Wherever a line in the data holds the word "auto", pull that line out.
—————
lemma cfg_diam_le:
  assumes "N \<ge> 1" and "\<And>i j. i \<in> {1..N} \<Longrightarrow> j \<in> {1..N} \<Longrightarrow> norm (x i - x j) \<le> D"
  shows "cfg_diam N x \<le> D"
  unfolding cfg_diam_eq_Max using assms by (subst Max_le_iff) auto

lemma cfg_diam_nonneg: "N \<ge> 1 \<Longrightarrow> 0 \<le> cfg_diam N x"
  using norm_diff_le_cfg_diam[of 1 N 1 x] by simp

lemma cfg_diam_le_cfg_norm: "N \<ge> 1 \<Longrightarrow> cfg_diam N x \<le> cfg_norm N x"
  by (rule cfg_diam_le) (auto intro: norm_diff_le_cfg_norm)

locale cucker_smale_vc =
  fixes N :: nat and \<kappa> :: real
    and g g' \<psi> :: "real \<Rightarrow> real"
    and q0 p0 :: "nat \<Rightarrow> 'a::euclidean_space"
    and q p :: "nat \<Rightarrow> real \<Rightarrow> 'a"
  assumes N: "N \<ge> 1" and kappa: "\<kappa> > 0"
    and g_deriv: "\<And>r. r \<ge> 0 \<Longrightarrow> (g has_real_derivative g' r) (at r within {0..})"
    and g0: "g 0 = 0"
    and g'_bounds: "\<And>b. b \<ge> 0 \<Longrightarrow> \<exists>m M. 0 < m \<and> (\<forall>r\<in>{0..b}. m \<le> g' r \<and> g' r \<le> M)"
    and psi_pos: "\<And>r. r \<ge> 0 \<Longrightarrow> \<psi> r > 0"
    and psi_bdd: "bounded (\<psi> ` {0..})"
    and psi_lip: "\<exists>L. L-lipschitz_on {0..} \<psi>"
    and psi_noninc: "\<And>r s. r \<ge> 0 \<Longrightarrow> s \<ge> 0 \<Longrightarrow> (\<psi> r - \<psi> s) * (r - s) \<le> 0"
    and sol: "CSVC_solution N \<kappa> g \<psi> q0 p0 q p"
begin

abbreviation vel :: "nat \<Rightarrow> real \<Rightarrow> 'a" where
  "vel i t \<equiv> vel_ctrl g (p i t)"

abbreviation force :: "nat \<Rightarrow> real \<Rightarrow> 'a" where
  "force i t \<equiv> (\<kappa> / real N) *\<^sub>R (\<Sum>k\<in>{1..N}. \<psi> (norm (q k t - q i t)) *\<^sub>R (vel k t - vel i t))"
—————
> PROBLEM SOLUTION:
  unfolding cfg_diam_eq_Max using assms by (subst Max_le_iff) auto
  by (rule cfg_diam_le) (auto intro: norm_diff_le_cfg_norm)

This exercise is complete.